[Stored data]
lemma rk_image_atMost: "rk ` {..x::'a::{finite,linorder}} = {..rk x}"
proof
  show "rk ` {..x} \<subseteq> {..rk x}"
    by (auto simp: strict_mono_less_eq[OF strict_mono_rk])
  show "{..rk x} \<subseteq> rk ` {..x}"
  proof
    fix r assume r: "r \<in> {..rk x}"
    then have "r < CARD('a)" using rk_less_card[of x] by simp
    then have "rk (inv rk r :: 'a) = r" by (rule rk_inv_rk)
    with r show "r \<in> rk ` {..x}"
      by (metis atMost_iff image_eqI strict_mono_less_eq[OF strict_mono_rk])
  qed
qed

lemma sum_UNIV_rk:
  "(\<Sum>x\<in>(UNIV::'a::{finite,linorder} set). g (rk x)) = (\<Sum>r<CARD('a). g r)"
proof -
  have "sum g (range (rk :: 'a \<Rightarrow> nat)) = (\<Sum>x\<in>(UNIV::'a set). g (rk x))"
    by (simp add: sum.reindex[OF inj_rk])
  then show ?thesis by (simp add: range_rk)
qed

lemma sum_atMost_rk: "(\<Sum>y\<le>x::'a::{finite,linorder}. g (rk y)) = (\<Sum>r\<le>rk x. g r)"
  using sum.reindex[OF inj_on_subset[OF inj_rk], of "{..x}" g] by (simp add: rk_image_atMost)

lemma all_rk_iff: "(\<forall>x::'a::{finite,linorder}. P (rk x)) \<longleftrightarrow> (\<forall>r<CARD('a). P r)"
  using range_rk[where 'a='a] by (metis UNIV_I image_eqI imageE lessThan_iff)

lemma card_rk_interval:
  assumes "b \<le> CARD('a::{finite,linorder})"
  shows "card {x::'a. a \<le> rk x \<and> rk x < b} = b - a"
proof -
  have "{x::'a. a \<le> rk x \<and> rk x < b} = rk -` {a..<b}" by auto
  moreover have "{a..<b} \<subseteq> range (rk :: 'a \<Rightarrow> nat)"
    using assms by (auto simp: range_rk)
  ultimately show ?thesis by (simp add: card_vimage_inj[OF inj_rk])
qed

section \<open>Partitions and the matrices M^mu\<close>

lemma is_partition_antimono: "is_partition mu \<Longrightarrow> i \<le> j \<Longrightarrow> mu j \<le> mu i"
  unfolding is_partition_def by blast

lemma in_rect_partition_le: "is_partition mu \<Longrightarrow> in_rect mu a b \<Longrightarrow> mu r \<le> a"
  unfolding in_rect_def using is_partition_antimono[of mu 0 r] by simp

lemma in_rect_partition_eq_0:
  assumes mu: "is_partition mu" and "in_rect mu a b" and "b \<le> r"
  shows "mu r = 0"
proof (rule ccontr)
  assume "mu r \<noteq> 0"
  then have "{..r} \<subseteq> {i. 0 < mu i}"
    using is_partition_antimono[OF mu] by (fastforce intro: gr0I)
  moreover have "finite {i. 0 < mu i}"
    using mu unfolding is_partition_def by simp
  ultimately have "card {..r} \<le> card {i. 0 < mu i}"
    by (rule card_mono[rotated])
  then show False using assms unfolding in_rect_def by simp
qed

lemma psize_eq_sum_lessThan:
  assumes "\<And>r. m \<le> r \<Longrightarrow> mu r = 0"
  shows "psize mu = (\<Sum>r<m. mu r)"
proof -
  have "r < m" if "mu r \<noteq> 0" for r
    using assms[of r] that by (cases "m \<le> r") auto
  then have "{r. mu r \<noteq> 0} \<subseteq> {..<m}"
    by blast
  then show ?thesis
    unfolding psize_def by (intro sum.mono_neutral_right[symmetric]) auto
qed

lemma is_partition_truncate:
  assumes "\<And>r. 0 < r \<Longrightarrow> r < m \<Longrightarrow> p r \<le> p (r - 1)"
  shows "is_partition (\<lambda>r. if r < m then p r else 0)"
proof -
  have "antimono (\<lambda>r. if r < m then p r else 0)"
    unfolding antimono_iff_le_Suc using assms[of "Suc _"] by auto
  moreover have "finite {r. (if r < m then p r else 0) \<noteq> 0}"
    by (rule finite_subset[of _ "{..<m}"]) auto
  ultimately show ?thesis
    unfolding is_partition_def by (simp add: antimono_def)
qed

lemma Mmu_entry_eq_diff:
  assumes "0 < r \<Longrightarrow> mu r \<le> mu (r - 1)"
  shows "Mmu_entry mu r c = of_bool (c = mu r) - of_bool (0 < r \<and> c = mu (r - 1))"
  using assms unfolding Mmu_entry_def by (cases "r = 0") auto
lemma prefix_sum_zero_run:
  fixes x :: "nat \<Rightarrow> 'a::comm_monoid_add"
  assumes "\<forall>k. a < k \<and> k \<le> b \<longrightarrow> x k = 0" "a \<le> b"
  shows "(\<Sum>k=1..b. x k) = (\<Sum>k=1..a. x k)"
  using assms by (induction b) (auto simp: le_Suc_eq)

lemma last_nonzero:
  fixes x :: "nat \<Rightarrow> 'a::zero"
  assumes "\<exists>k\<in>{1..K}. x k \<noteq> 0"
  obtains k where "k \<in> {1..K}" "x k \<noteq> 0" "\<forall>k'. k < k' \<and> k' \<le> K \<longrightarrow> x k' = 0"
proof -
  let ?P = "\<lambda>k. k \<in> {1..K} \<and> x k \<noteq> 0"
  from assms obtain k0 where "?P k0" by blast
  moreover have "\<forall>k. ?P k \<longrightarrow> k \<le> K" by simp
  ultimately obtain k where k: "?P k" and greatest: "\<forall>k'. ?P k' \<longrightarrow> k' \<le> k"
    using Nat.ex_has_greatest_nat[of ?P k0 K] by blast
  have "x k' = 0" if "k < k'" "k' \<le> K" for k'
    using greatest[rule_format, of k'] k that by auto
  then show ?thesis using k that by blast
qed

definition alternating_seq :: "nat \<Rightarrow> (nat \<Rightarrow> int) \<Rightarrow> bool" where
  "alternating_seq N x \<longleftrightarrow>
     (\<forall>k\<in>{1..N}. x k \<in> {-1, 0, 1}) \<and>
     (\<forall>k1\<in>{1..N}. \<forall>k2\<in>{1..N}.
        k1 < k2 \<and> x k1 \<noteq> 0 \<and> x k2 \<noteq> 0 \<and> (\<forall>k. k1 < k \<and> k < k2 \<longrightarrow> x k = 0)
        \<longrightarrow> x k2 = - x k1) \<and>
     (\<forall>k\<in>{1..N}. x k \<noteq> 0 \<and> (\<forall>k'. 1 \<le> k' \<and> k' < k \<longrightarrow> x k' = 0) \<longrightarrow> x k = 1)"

*TASK OBJECTIVE*:
Reproduce every entry above. Make each line identical to the original.

*EXPECTED ANSWER*:
lemma rk_image_atMost: "rk ` {..x::'a::{finite,linorder}} = {..rk x}"
proof
  show "rk ` {..x} \<subseteq> {..rk x}"
    by (auto simp: strict_mono_less_eq[OF strict_mono_rk])
  show "{..rk x} \<subseteq> rk ` {..x}"
  proof
    fix r assume r: "r \<in> {..rk x}"
    then have "r < CARD('a)" using rk_less_card[of x] by simp
    then have "rk (inv rk r :: 'a) = r" by (rule rk_inv_rk)
    with r show "r \<in> rk ` {..x}"
      by (metis atMost_iff image_eqI strict_mono_less_eq[OF strict_mono_rk])
  qed
qed

lemma sum_UNIV_rk:
  "(\<Sum>x\<in>(UNIV::'a::{finite,linorder} set). g (rk x)) = (\<Sum>r<CARD('a). g r)"
proof -
  have "sum g (range (rk :: 'a \<Rightarrow> nat)) = (\<Sum>x\<in>(UNIV::'a set). g (rk x))"
    by (simp add: sum.reindex[OF inj_rk])
  then show ?thesis by (simp add: range_rk)
qed

lemma sum_atMost_rk: "(\<Sum>y\<le>x::'a::{finite,linorder}. g (rk y)) = (\<Sum>r\<le>rk x. g r)"
  using sum.reindex[OF inj_on_subset[OF inj_rk], of "{..x}" g] by (simp add: rk_image_atMost)

lemma all_rk_iff: "(\<forall>x::'a::{finite,linorder}. P (rk x)) \<longleftrightarrow> (\<forall>r<CARD('a). P r)"
  using range_rk[where 'a='a] by (metis UNIV_I image_eqI imageE lessThan_iff)

lemma card_rk_interval:
  assumes "b \<le> CARD('a::{finite,linorder})"
  shows "card {x::'a. a \<le> rk x \<and> rk x < b} = b - a"
proof -
  have "{x::'a. a \<le> rk x \<and> rk x < b} = rk -` {a..<b}" by auto
  moreover have "{a..<b} \<subseteq> range (rk :: 'a \<Rightarrow> nat)"
    using assms by (auto simp: range_rk)
  ultimately show ?thesis by (simp add: card_vimage_inj[OF inj_rk])
qed

section \<open>Partitions and the matrices M^mu\<close>

lemma is_partition_antimono: "is_partition mu \<Longrightarrow> i \<le> j \<Longrightarrow> mu j \<le> mu i"
  unfolding is_partition_def by blast

lemma in_rect_partition_le: "is_partition mu \<Longrightarrow> in_rect mu a b \<Longrightarrow> mu r \<le> a"
  unfolding in_rect_def using is_partition_antimono[of mu 0 r] by simp

lemma in_rect_partition_eq_0:
  assumes mu: "is_partition mu" and "in_rect mu a b" and "b \<le> r"
  shows "mu r = 0"
proof (rule ccontr)
  assume "mu r \<noteq> 0"
  then have "{..r} \<subseteq> {i. 0 < mu i}"
    using is_partition_antimono[OF mu] by (fastforce intro: gr0I)
  moreover have "finite {i. 0 < mu i}"
    using mu unfolding is_partition_def by simp
  ultimately have "card {..r} \<le> card {i. 0 < mu i}"
    by (rule card_mono[rotated])
  then show False using assms unfolding in_rect_def by simp
qed

lemma psize_eq_sum_lessThan:
  assumes "\<And>r. m \<le> r \<Longrightarrow> mu r = 0"
  shows "psize mu = (\<Sum>r<m. mu r)"
proof -
  have "r < m" if "mu r \<noteq> 0" for r
    using assms[of r] that by (cases "m \<le> r") auto
  then have "{r. mu r \<noteq> 0} \<subseteq> {..<m}"
    by blast
  then show ?thesis
    unfolding psize_def by (intro sum.mono_neutral_right[symmetric]) auto
qed

lemma is_partition_truncate:
  assumes "\<And>r. 0 < r \<Longrightarrow> r < m \<Longrightarrow> p r \<le> p (r - 1)"
  shows "is_partition (\<lambda>r. if r < m then p r else 0)"
proof -
  have "antimono (\<lambda>r. if r < m then p r else 0)"
    unfolding antimono_iff_le_Suc using assms[of "Suc _"] by auto
  moreover have "finite {r. (if r < m then p r else 0) \<noteq> 0}"
    by (rule finite_subset[of _ "{..<m}"]) auto
  ultimately show ?thesis
    unfolding is_partition_def by (simp add: antimono_def)
qed

lemma Mmu_entry_eq_diff:
  assumes "0 < r \<Longrightarrow> mu r \<le> mu (r - 1)"
  shows "Mmu_entry mu r c = of_bool (c = mu r) - of_bool (0 < r \<and> c = mu (r - 1))"
  using assms unfolding Mmu_entry_def by (cases "r = 0") auto
lemma prefix_sum_zero_run:
  fixes x :: "nat \<Rightarrow> 'a::comm_monoid_add"
  assumes "\<forall>k. a < k \<and> k \<le> b \<longrightarrow> x k = 0" "a \<le> b"
  shows "(\<Sum>k=1..b. x k) = (\<Sum>k=1..a. x k)"
  using assms by (induction b) (auto simp: le_Suc_eq)

lemma last_nonzero:
  fixes x :: "nat \<Rightarrow> 'a::zero"
  assumes "\<exists>k\<in>{1..K}. x k \<noteq> 0"
  obtains k where "k \<in> {1..K}" "x k \<noteq> 0" "\<forall>k'. k < k' \<and> k' \<le> K \<longrightarrow> x k' = 0"
proof -
  let ?P = "\<lambda>k. k \<in> {1..K} \<and> x k \<noteq> 0"
  from assms obtain k0 where "?P k0" by blast
  moreover have "\<forall>k. ?P k \<longrightarrow> k \<le> K" by simp
  ultimately obtain k where k: "?P k" and greatest: "\<forall>k'. ?P k' \<longrightarrow> k' \<le> k"
    using Nat.ex_has_greatest_nat[of ?P k0 K] by blast
  have "x k' = 0" if "k < k'" "k' \<le> K" for k'
    using greatest[rule_format, of k'] k that by auto
  then show ?thesis using k that by blast
qed

definition alternating_seq :: "nat \<Rightarrow> (nat \<Rightarrow> int) \<Rightarrow> bool" where
  "alternating_seq N x \<longleftrightarrow>
     (\<forall>k\<in>{1..N}. x k \<in> {-1, 0, 1}) \<and>
     (\<forall>k1\<in>{1..N}. \<forall>k2\<in>{1..N}.
        k1 < k2 \<and> x k1 \<noteq> 0 \<and> x k2 \<noteq> 0 \<and> (\<forall>k. k1 < k \<and> k < k2 \<longrightarrow> x k = 0)
        \<longrightarrow> x k2 = - x k1) \<and>
     (\<forall>k\<in>{1..N}. x k \<noteq> 0 \<and> (\<forall>k'. 1 \<le> k' \<and> k' < k \<longrightarrow> x k' = 0) \<longrightarrow> x k = 1)"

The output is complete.